Task to complete: Set down, please, without alteration, the lines of the entries below from the first through the one containing "rng \<omega> (Suc m)".

Data section start

lemma min_edge_unique:
  assumes "1 \<le> n" "e1 \<in> in_edges E rng n v" "e2 \<in> in_edges E rng n v"
    "is_min_edge E rng \<omega> n e1" "is_min_edge E rng \<omega> n e2"
  shows "e1 = e2"
proof -
  have r: "rng n e1 = v" "rng n e2 = v" "v \<in> V n"
    using assms(2,3) edge_vertices[OF assms(1)] by (auto simp: in_edges_def)
  have "(e1, e2) \<in> \<omega> (n, v)" "(e2, e1) \<in> \<omega> (n, v)" using assms r by (auto simp: is_min_edge_def)
  then show ?thesis using linear_order_on_antisym[OF linear[OF assms(1) r(3)]] by blast
qed

definition min_edge :: "nat \<Rightarrow> 'v \<Rightarrow> 'e" where
  "min_edge n v = (THE e. e \<in> in_edges E rng n v \<and> is_min_edge E rng \<omega> n e)"

lemma min_edge:
  assumes "1 \<le> n" "v \<in> V n"
  shows "min_edge n v \<in> in_edges E rng n v \<and> is_min_edge E rng \<omega> n (min_edge n v)"
proof -
  have "\<exists>!e. e \<in> in_edges E rng n v \<and> is_min_edge E rng \<omega> n e"
    using min_edge_exists[OF assms] min_edge_unique[OF assms(1)] by blast
  then show ?thesis unfolding min_edge_def by (rule theI')
qed

lemma min_edge_eqI:
  assumes "1 \<le> n" "v \<in> V n" "e \<in> in_edges E rng n v" "is_min_edge E rng \<omega> n e"
  shows "min_edge n v = e"
  using min_edge_unique[OF assms(1) _ assms(3) _ assms(4)] min_edge[OF assms(1,2)] by blast

primrec min_path :: "nat \<Rightarrow> 'v \<Rightarrow> nat \<Rightarrow> 'e" where
  "min_path 0 u = (\<lambda>i. undefined)"
| "min_path (Suc m) u = (min_path m (src (Suc m) (min_edge (Suc m) u))) (m := min_edge (Suc m) u)"

declare min_path.simps(2)[simp del]

lemma min_path:
  "u \<in> V m \<Longrightarrow> initial_path E src rng v0 m (min_path m u) u \<and>
    (\<forall>i<m. is_min_edge E rng \<omega> (Suc i) (min_path m u i))"
proof (induction m arbitrary: u)
  case (Suc m)
  define e where "e = min_edge (Suc m) u"
  have e: "e \<in> E (Suc m)" "rng (Suc m) e = u" "is_min_edge E rng \<omega> (Suc m) e"
    using min_edge[of "Suc m" u] Suc.prems by (auto simp: e_def in_edges_def)
  have "src (Suc m) e \<in> V m" using edge_vertices_Suc[OF e(1)] by simp
  note IH = Suc.IH[OF this]
  have mp: "min_path (Suc m) u m = e"
    "\<And>i. i < m \<Longrightarrow> min_path (Suc m) u i = min_path m (src (Suc m) e) i"
    by (simp_all add: e_def min_path.simps(2))
  have "initial_path E src rng v0 m (min_path (Suc m) u) (src (Suc m) e)"
    using IH mp(2) by (subst initial_path_cong[of m _ "min_path m (src (Suc m) e)"]) simp_all
  then have "initial_path E src rng v0 (Suc m) (min_path (Suc m) u) u"
    using e mp(1) by simp
  moreover have "is_min_edge E rng \<omega> (Suc i) (min_path (Suc m) u i)" if "i < Suc m" for i
    using that IH e(3) mp by (cases "i = m") auto
  ultimately show ?case by blast
qed (simp add: V_0)

lemma min_path_unique:
  "initial_path E src rng v0 m p u \<Longrightarrow> (\<And>i. i < m \<Longrightarrow> is_min_edge E rng \<omega> (Suc i) (p i)) \<Longrightarrow>
    i < m \<Longrightarrow> p i = min_path m u i"
proof (induction m arbitrary: u)
  case (Suc m)
  then have pm: "p m \<in> E (Suc m)" "rng (Suc m) (p m) = u" by auto
  then have "min_edge (Suc m) u = p m"
    using min_edge_eqI[of "Suc m" u "p m"] Suc.prems edge_vertices_Suc by (auto simp: in_edges_def)
  then show ?case using Suc by (auto simp: less_Suc_eq min_path.simps(2))
qed simp
(* Let $\alpha\geq 0$ and $r_\alpha(x)=\|x\|_1-\alpha\|x\|_2$ on $\mathbb{R}^N$. Let $l:\mathbb{R}^N\to\mathbb{R}$ be differentiable with $L$-Lipschitz continuous gradient, for some $L>0$. Let $x^*$ be a global minimizer of $E(x)=r_\alpha(x)+l(x)$. Then: 1) For every $\lambda$ with $0<\lambda<1/L$, $$x^*\in\operatorname{argmin}_x\ \Big(r_\alpha(x)+\frac{1}{2\lambda}\big\|x-(x^*-\lambda\nabla l(x^* ))\big\|_2^2\Big).$$ 2) If $x^*=0$, then $\|\nabla l(0)\|_\infty\leq 1-\alpha$. Moreover, if $\alpha=1$ and $x^*=0$ then $\nabla l(0)=0$, and if $\alpha>1$ then $x^*\neq 0$. 3) If $\|x^*\|_2\geq\alpha/L$, let $\Lambda=\{i: x^*_i\neq 0\}$. Then $x^*_\Lambda$ is in the same direction as $\nabla_\Lambda l(x^* )+\operatorname{sign}(x^*_\Lambda)$, and $\|\nabla_\Lambda l(x^* )+\operatorname{sign}(x^*_\Lambda)\|_2=\alpha$. 4) If $0<\|x^*\|_2<\alpha/L$, then $x^*$ is 1-sparse (exactly one nonzero component). Moreover, $\nabla_i l(x^* )=(\alpha-1)\operatorname{sign}(x^*_i)$ for the index $i$ with $x^*_i\neq 0$, and $|\nabla_i l(x^* )|\leq\max\{0,\,1-\alpha+\|x^*\|_\infty L\}$ for every $i$ with $x^*_i=0$.
   Context: For an index set $\Lambda$, $v_\Lambda$ denotes the subvector of $v$ with components in $\Lambda$ and $\nabla_\Lambda l$ the corresponding components of $\nabla l$; $\operatorname{sign}$ is applied componentwise. *)

theory Defs
  imports "HOL-Analysis.Analysis"
begin

definition norm1 :: "real^'n \<Rightarrow> real" where
  "norm1 x = (\<Sum>i\<in>UNIV. \<bar>x $ i\<bar>)"

definition norminf :: "real^'n \<Rightarrow> real" where
  "norminf x = Max (range (\<lambda>i. \<bar>x $ i\<bar>))"

definition r_alpha :: "real \<Rightarrow> real^'n \<Rightarrow> real" where
  "r_alpha \<alpha> x = norm1 x - \<alpha> * norm x"

end

theory Submission
  imports Defs
begin
(* Let $(\varPhi,\overline{y})$ be a right normalized skew ruled surface in $\mathbb{E}^3$ with support function $q=\frac{f(u)+g(u)v}{w}$, neither $f$ nor $g$ the zero function. Then the following are equivalent: (a) $\overline{y}$ is a right normalization of the first type, i.e. the relative image $\varPhi^*=(U,\overline{y})$ degenerates into a curve; (b) $(\varPhi,\overline{y})$ is relatively minimal; (c) $g=\int\frac{\kappa f}{\delta}\,\mathrm{d}u+c$ for some $c\in\mathbb{R}$.
   Context: $\varPhi$ is a ruled $C^r$-surface ($r\ge3$) with nonvanishing Gaussian curvature, in standard parameters $\overline{x}(u,v)=\overline{s}(u)+v\,\overline{e}(u)$, $(u,v)\in U=I\times\mathbb{R}$, $|\overline{e}|=|\overline{e}'|=1$, $\langle\overline{s}',\overline{e}'\rangle=0$. Frame $\overline{n}=\overline{e}'$, $\overline{z}=\overline{e}\times\overline{n}$, $\overline{n}'=-\overline{e}+\kappa\overline{z}$, $\overline{z}'=-\kappa\overline{n}$. Invariants: $\delta=(\overline{s}',\overline{e},\overline{e}')\neq0$, $\kappa=(\overline{e},\overline{e}',\overline{e}'')$, $\lambda=\cot\sphericalangle(\overline{e},\overline{s}')$, $\overline{s}'=\delta\lambda\overline{e}+\delta\overline{z}$. $w=\sqrt{\delta^2+v^2}$, $\overline{\xi}=(\delta\overline{n}-v\overline{z})/w$. A relative normalization $\overline{y}$ is determined by its support function $q=\langle\overline{\xi},\overline{y}\rangle\neq0$; the right normalization with $q=(f+gv)/w$ ($f,g$ functions of $u$) is $\overline{y}=\frac{(\kappa f-\delta g')v+\delta' f-\delta f'-\delta^2\kappa g}{\delta^2}\overline{e}+\frac{f}{\delta}\overline{n}-g\overline{z}$. The relative shape operator is defined by $\overline{y}_{/i}=-B_i^j\overline{x}_{/j}$, the relative mean curvature is $H=\frac12(B_1^1+B_2^2)$, and $(\varPhi,\overline{y})$ is relatively minimal if $H\equiv0$. $\int\cdots\mathrm{d}u$ denotes an antiderivative. *)

theory Defs
  imports "HOL-Analysis.Analysis"
begin

definition Dv :: "(real \<Rightarrow> 'a::real_normed_vector) \<Rightarrow> real \<Rightarrow> 'a" where
  "Dv F t = vector_derivative F (at t)"

fun Ck_on :: "nat \<Rightarrow> (real \<Rightarrow> 'a::real_normed_vector) \<Rightarrow> real set \<Rightarrow> bool" where
  "Ck_on 0 F I = continuous_on I F"
| "Ck_on (Suc k) F I = ((\<forall>t\<in>I. F differentiable (at t)) \<and> Ck_on k (Dv F) I)"

definition triple :: "real^3 \<Rightarrow> real^3 \<Rightarrow> real^3 \<Rightarrow> real" where
  "triple a b c = a \<bullet> cross3 b c"

definition rs_delta :: "(real \<Rightarrow> real^3) \<Rightarrow> (real \<Rightarrow> real^3) \<Rightarrow> real \<Rightarrow> real" where
  "rs_delta s e u = triple (Dv s u) (e u) (Dv e u)"

definition rs_kappa :: "(real \<Rightarrow> real^3) \<Rightarrow> real \<Rightarrow> real" where
  "rs_kappa e u = triple (e u) (Dv e u) (Dv (Dv e) u)"

definition rs_n :: "(real \<Rightarrow> real^3) \<Rightarrow> real \<Rightarrow> real^3" where
  "rs_n e u = Dv e u"

definition rs_z :: "(real \<Rightarrow> real^3) \<Rightarrow> real \<Rightarrow> real^3" where
  "rs_z e u = cross3 (e u) (Dv e u)"

definition ruled_x :: "(real \<Rightarrow> real^3) \<Rightarrow> (real \<Rightarrow> real^3) \<Rightarrow> real \<Rightarrow> real \<Rightarrow> real^3" where
  "ruled_x s e u v = s u + v *\<^sub>R e u"

text \<open>The right normalization with support function q = (f + g v)/w.\<close>
definition right_norm ::
  "(real \<Rightarrow> real^3) \<Rightarrow> (real \<Rightarrow> real^3) \<Rightarrow> (real \<Rightarrow> real) \<Rightarrow> (real \<Rightarrow> real)
     \<Rightarrow> real \<Rightarrow> real \<Rightarrow> real^3" where
  "right_norm s e f g u v =
     (let \<delta> = rs_delta s e u; \<kappa> = rs_kappa e u in
       (((\<kappa> * f u - \<delta> * Dv g u) * v + Dv (rs_delta s e) u * f u - \<delta> * Dv f u
          - \<delta>^2 * \<kappa> * g u) / \<delta>^2) *\<^sub>R e u
       + (f u / \<delta>) *\<^sub>R rs_n e u - g u *\<^sub>R rs_z e u)"

definition pd_u :: "(real \<Rightarrow> real \<Rightarrow> real^3) \<Rightarrow> real \<Rightarrow> real \<Rightarrow> real^3" where
  "pd_u F u v = vector_derivative (\<lambda>t. F t v) (at u)"

definition pd_v :: "(real \<Rightarrow> real \<Rightarrow> real^3) \<Rightarrow> real \<Rightarrow> real \<Rightarrow> real^3" where
  "pd_v F u v = vector_derivative (\<lambda>t. F u t) (at v)"

text \<open>B is the relative shape operator at (u,v):  y_/i = - B_i^j x_/j
  (index 1 = u, index 2 = v; B $ i $ j = B_i^j).\<close>
definition is_rel_shape_op ::
  "(real \<Rightarrow> real \<Rightarrow> real^3) \<Rightarrow> (real \<Rightarrow> real \<Rightarrow> real^3) \<Rightarrow> real \<Rightarrow> real \<Rightarrow> real^2^2 \<Rightarrow> bool" where
  "is_rel_shape_op x y u v B \<longleftrightarrow>
     pd_u y u v = - (B$1$1 *\<^sub>R pd_u x u v + B$1$2 *\<^sub>R pd_v x u v) \<and>
     pd_v y u v = - (B$2$1 *\<^sub>R pd_u x u v + B$2$2 *\<^sub>R pd_v x u v)"

definition rel_mean_curv ::
  "(real \<Rightarrow> real \<Rightarrow> real^3) \<Rightarrow> (real \<Rightarrow> real \<Rightarrow> real^3) \<Rightarrow> real \<Rightarrow> real \<Rightarrow> real" where
  "rel_mean_curv x y u v = (let B = (THE B. is_rel_shape_op x y u v B) in (B$1$1 + B$2$2) / 2)"

definition relatively_minimal ::
  "(real \<Rightarrow> real \<Rightarrow> real^3) \<Rightarrow> (real \<Rightarrow> real \<Rightarrow> real^3) \<Rightarrow> (real \<times> real) set \<Rightarrow> bool" where
  "relatively_minimal x y U \<longleftrightarrow> (\<forall>(u,v)\<in>U. rel_mean_curv x y u v = 0)"

definition degenerates_to_curve :: "(real \<Rightarrow> real \<Rightarrow> real^3) \<Rightarrow> (real \<times> real) set \<Rightarrow> bool" where
  "degenerates_to_curve y U \<longleftrightarrow> (\<forall>(u,v)\<in>U. dim (span {pd_u y u v, pd_v y u v}) \<le> 1)"

end

theory Submission
  imports Defs
begin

Data section end

Written answer:
lemma min_edge_unique:
  assumes "1 \<le> n" "e1 \<in> in_edges E rng n v" "e2 \<in> in_edges E rng n v"
    "is_min_edge E rng \<omega> n e1" "is_min_edge E rng \<omega> n e2"
  shows "e1 = e2"
proof -
  have r: "rng n e1 = v" "rng n e2 = v" "v \<in> V n"
    using assms(2,3) edge_vertices[OF assms(1)] by (auto simp: in_edges_def)
  have "(e1, e2) \<in> \<omega> (n, v)" "(e2, e1) \<in> \<omega> (n, v)" using assms r by (auto simp: is_min_edge_def)
  then show ?thesis using linear_order_on_antisym[OF linear[OF assms(1) r(3)]] by blast
qed

definition min_edge :: "nat \<Rightarrow> 'v \<Rightarrow> 'e" where
  "min_edge n v = (THE e. e \<in> in_edges E rng n v \<and> is_min_edge E rng \<omega> n e)"

lemma min_edge:
  assumes "1 \<le> n" "v \<in> V n"
  shows "min_edge n v \<in> in_edges E rng n v \<and> is_min_edge E rng \<omega> n (min_edge n v)"
proof -
  have "\<exists>!e. e \<in> in_edges E rng n v \<and> is_min_edge E rng \<omega> n e"
    using min_edge_exists[OF assms] min_edge_unique[OF assms(1)] by blast
  then show ?thesis unfolding min_edge_def by (rule theI')
qed

lemma min_edge_eqI:
  assumes "1 \<le> n" "v \<in> V n" "e \<in> in_edges E rng n v" "is_min_edge E rng \<omega> n e"
  shows "min_edge n v = e"
  using min_edge_unique[OF assms(1) _ assms(3) _ assms(4)] min_edge[OF assms(1,2)] by blast

primrec min_path :: "nat \<Rightarrow> 'v \<Rightarrow> nat \<Rightarrow> 'e" where
  "min_path 0 u = (\<lambda>i. undefined)"
| "min_path (Suc m) u = (min_path m (src (Suc m) (min_edge (Suc m) u))) (m := min_edge (Suc m) u)"

declare min_path.simps(2)[simp del]

lemma min_path:
  "u \<in> V m \<Longrightarrow> initial_path E src rng v0 m (min_path m u) u \<and>
    (\<forall>i<m. is_min_edge E rng \<omega> (Suc i) (min_path m u i))"
proof (induction m arbitrary: u)
  case (Suc m)
  define e where "e = min_edge (Suc m) u"
  have e: "e \<in> E (Suc m)" "rng (Suc m) e = u" "is_min_edge E rng \<omega> (Suc m) e"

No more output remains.